En el caso de Fraleigh (1984), representante del formalismo ético en deporte, la concepción de reglas que encontrábamos, era la de reglas como definitorias de la práctica deportiva, siendo éstas las que constituyen la naturaleza misma del deporte y las que marcan la zona de acción donde debe transcurrir la práctica de cualquier participante. Desde esta concepción de reglas se desestimaba todo tipo de trampa o violación, fueran de carácter intencional, no intencional o estratégica, pues se entiende que vulnera o destruye la naturaleza misma de la práctica deportiva al destruir su pilar fundamental: las reglas constitutivas. En el caso de Lumpkin, Stoll y Beller no son las reglas las que definen o caracterizan la práctica deportiva, pues este papel lo ocupan las virtudes que ellos proponen y que serían el resultado del razonamiento moral aplicado al deporte. Pese a ello, como buenos partidarios de una propuesta de ética de las virtudes marcadamente neoaristotélica à la MacIntyre, también tienen en cuenta en su propuesta la necesidad de seguir las reglas del deporte. Ello se debe a que además de las virtudes, en tanto que cualidades necesarias para obtener los bienes internos a la práctica y a la búsqueda de los modelos de excelencia, debe darse la dimensión de las reglas si queremos obtener dichos bienes y aspirar a los modelos de excelencia y al bien de una vida completa siempre dentro de una tradición social vigente. En este contexto, nuestros autores de nuevo olvidan profundizar en relación a la importancia de la naturaleza de dichas reglas y de nociones que deberían ir a la par de este importante concepto como son las de deber, obligación, responsabilidad, procedimiento o compromiso universa-lizable, como sí tiene en cuenta el deontologismo ético neokantiano.

Otra importante noción que cae bajo su consideración es la de principio.
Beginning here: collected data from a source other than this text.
(* Assume the combination is perfect, and let $l$ be such that the indices $l_{\pm a}$, $\bar l_{\pm b}$ involved exist. Then: (1) $Q^{(l)}_{+a}=\sum_{a'}A^{(l)}_{+a,a'}w_{1,a'}$ is the linear form of the unique polynomials with $\deg A^{(l)}_{+a,a'}\le(\vec\nu_1(l-1)+\vec e_{1,a})_{a'}-1$, $A^{(l)}_{+a,a}$ monic of degree $\nu_{1,a}(l-1)$, and $\int Q^{(l)}_{+a}w_{2,b}x^kd\mu=0$ for $0\le k\le\nu_{2,b}(l-1)-1$, $b=1,\dots,p_2$ (type II normalized mixed multiple orthogonal system for $[\vec\nu_1(l-1)+\vec e_{1,a};\vec\nu_2(l-1)]$). (2) $Q^{(l)}_{-b}=\sum_{a'}A^{(l)}_{-b,a'}w_{1,a'}$ is the linear form of the unique polynomials with $\deg A^{(l)}_{-b,a'}\le\nu_{1,a'}(l)-1$ and $\int Q^{(l)}_{-b}w_{2,b'}x^kd\mu=\delta_{b,b'}\delta_{k,\nu_{2,b}(l)-1}$ for $0\le k\le\nu_{2,b'}(l)-1$, $b'=1,\dots,p_2$ (type I normalized system for $[\vec\nu_1(l);\vec\nu_2(l)-\vec e_{2,b}]$). (3) $\bar Q^{(l)}_{+b}=\sum_{b'}\bar A^{(l)}_{+b,b'}w_{2,b'}$ is the linear form of the unique polynomials with $\deg\bar A^{(l)}_{+b,b'}\le(\vec\nu_2(l-1)+\vec e_{2,b})_{b'}-1$, $\bar A^{(l)}_{+b,b}$ monic of degree $\nu_{2,b}(l-1)$, and $\int\bar Q^{(l)}_{+b}w_{1,a}x^kd\mu=0$ for $0\le k\le\nu_{1,a}(l-1)-1$, $a=1,\dots,p_1$ (type II system for $[\vec\nu_2(l-1)+\vec e_{2,b};\vec\nu_1(l-1)]$). (4) $\bar Q^{(l)}_{-a}=\sum_{b'}\bar A^{(l)}_{-a,b'}w_{2,b'}$ is the linear form of the unique polynomials with $\deg\bar A^{(l)}_{-a,b'}\le\nu_{2,b'}(l)-1$ and $\int\bar Q^{(l)}_{-a}w_{1,a'}x^kd\mu=\delta_{a,a'}\delta_{k,\nu_{1,a}(l)-1}$ for $0\le k\le\nu_{1,a'}(l)-1$, $a'=1,\dots,p_1$ (type I system for $[\vec\nu_2(l);\vec\nu_1(l)-\vec e_{1,a}]$).
   Context: Setting: $\mu$ finite Borel measure on an interval $\Delta$ with infinitely many support points, not changing sign; weights $w_{1,a}$ ($a\le p_1$), $w_{2,b}$ ($b\le p_2$) real integrable, not changing sign; compositions $\vec n_\ell\in\mathbb N^{p_\ell}$. Each $i\in\mathbb Z_+$ is uniquely $i=q|\vec n_\ell|+n_{\ell,1}+\dots+n_{\ell,a-1}+r$ ($0\le r<n_{\ell,a}$); $a_\ell(i)=a$, $k_\ell(i)=qn_{\ell,a}+r$. Degree vectors $\nu_{\ell,a}(i)=\#\{0\le j\le i:a_\ell(j)=a\}$, $\vec\nu_\ell(-1)=0$; $\vec e_{\ell,a}$ is the $a$-th unit vector of $\mathbb Z^{p_\ell}$. $\chi_{\ell,a}(x)$: semi-infinite vector with $i$-th entry $x^{k_\ell(i)}$ if $a_\ell(i)=a$, else $0$; $(i)$ = $i$-th entry, $[l]$ = first $l$ entries. Moment matrix $g_{i,j}=\int x^{k_1(i)+k_2(j)}w_{1,a_1(i)}w_{2,a_2(j)}d\mu$, $g^{[l]}=(g_{i,j})_{i,j<l}$. Perfect: for $|\vec\nu_1|=|\vec\nu_2|+1$, nontrivial $A_a$ with $\deg A_a\le\nu_{1,a}-1$ and $\int\sum_aA_aw_{1,a}w_{2,b}x^jd\mu=0$ ($j<\nu_{2,b}$, all $b$) force $\deg A_a=\nu_{1,a}-1$ for all $a$; then all $\det g^{[l]}\neq0$. $l_{+a}$ ($l_{-a}$) is the smallest (largest) integer $\ge l$ ($\le l$) with $a_1=a$; $\bar l_{\pm b}$ likewise with $a_2=b$. Associated polynomials: $A^{(l)}_{+a,a'}(y)=\chi_{1,a'}^{(l_{+a})}(y)-(g_{l_{+a},0},\dots,g_{l_{+a},l-1})(g^{[l]})^{-1}\chi_{1,a'}^{[l]}(y)$; $\bar A^{(l)}_{-a,b'}(x)=(\chi_{2,b'}^{[l+1]}(x))^\top(g^{[l+1]})^{-1}e_{l_{-a}}$; $A^{(l)}_{-b,a'}(y)=e_{\bar l_{-b}}^\top(g^{[l+1]})^{-1}\chi_{1,a'}^{[l+1]}(y)$; $\bar A^{(l)}_{+b,b'}(x)=\chi_{2,b'}^{(\bar l_{+b})}(x)-(\chi_{2,b'}^{[l]}(x))^\top(g^{[l]})^{-1}(g_{0,\bar l_{+b}},\dots,g_{l-1,\bar l_{+b}})^\top$ ($e_j$ canonical basis vectors of $\mathbb R^{l+1}$). *)

theory Defs
  imports "HOL-Analysis.Analysis" "HOL-Computational_Algebra.Polynomial"
          "Jordan_Normal_Form.Gauss_Jordan_Elimination"
begin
Entienden por «principio» técnicamente como una declaración escrita de todas las reglas elaboradas (Lumpkin, Stoll & Beller, 1994: 28). Debe presuponerse que dichas reglas son veraces e imparciales y por ende nadie puede vulnerarlas en beneficio propio y en contra de los demás. El primer principio es el de lo justo, que se refiere a que tratemos a todas las personas con el mismo conjunto de reglas mediante el empleo de la distribución, el proceso adecuado, la retribución y la compensación. Este principio se muestra como una medida de equidad. El segundo principio consiste en ser honesto, el que se enmarca dentro de tres posibles conceptos negativos. Aquel que dice que mentir es verdaderamente deshonesto, el que dice que hacer trampas también es deshonesto, y finalmente el que desestima el robar, pues no tiene que ver con la honestidad. El tercer principio es el de lo responsable, que significa que tenemos que tomar conocimientos de nuestras acciones en el terreno deportivo y saber hacer lo que se tenía que hacer en ese momento, aceptando tanto las alabanzas como la culpa de lo que se haya hecho. El cuarto principio es el de la beneficencia, que cuenta con cuatro sub-apartados, que son: no hacer daño, eliminar los daños, prevenir los posibles daños, y finalmente hacer el bien. Este principio ―que es casi idéntico al principio de no maleficencia y de beneficencia que se recoge en el Informe Beltmont como dos principios de la bioética― se erige para Lumpkin, Stoll y Beller como el emblema de la civilización y del sujeto civilizado que debe caracterizarse por no ser descortés.

Con todo, en el mundo del deporte sólo se aplican tres de los cuatro principios enumerados que son: el de lo justo, por medio del cual se debe conseguir que todos los participantes sean tratados equitativamente; el de la responsabilidad en virtud del cual se pretende que cada uno sea responsable ante cualquier situación que se le presente, aunque sería mejor haber dicho ser prudente; y finalmente el de la beneficencia, que hace que todo aquel que participe en la práctica sea civilizado, especialmente en relación a los terceros. Pero no se trata de asumir sólo la responsabilidad en solitario, sino en equipo siendo corresponsales, ya que el deporte, la mayoría de veces, se practica en equipo, se trata de saber cooperar, de tener metas comunes, sin olvidar que es conveniente aprender a cooperar para vivir y vivir bien, también en deporte, pero no como una exigencia moral categórica, sino como un consejo de prudencia (Cortina, 2011a: 126).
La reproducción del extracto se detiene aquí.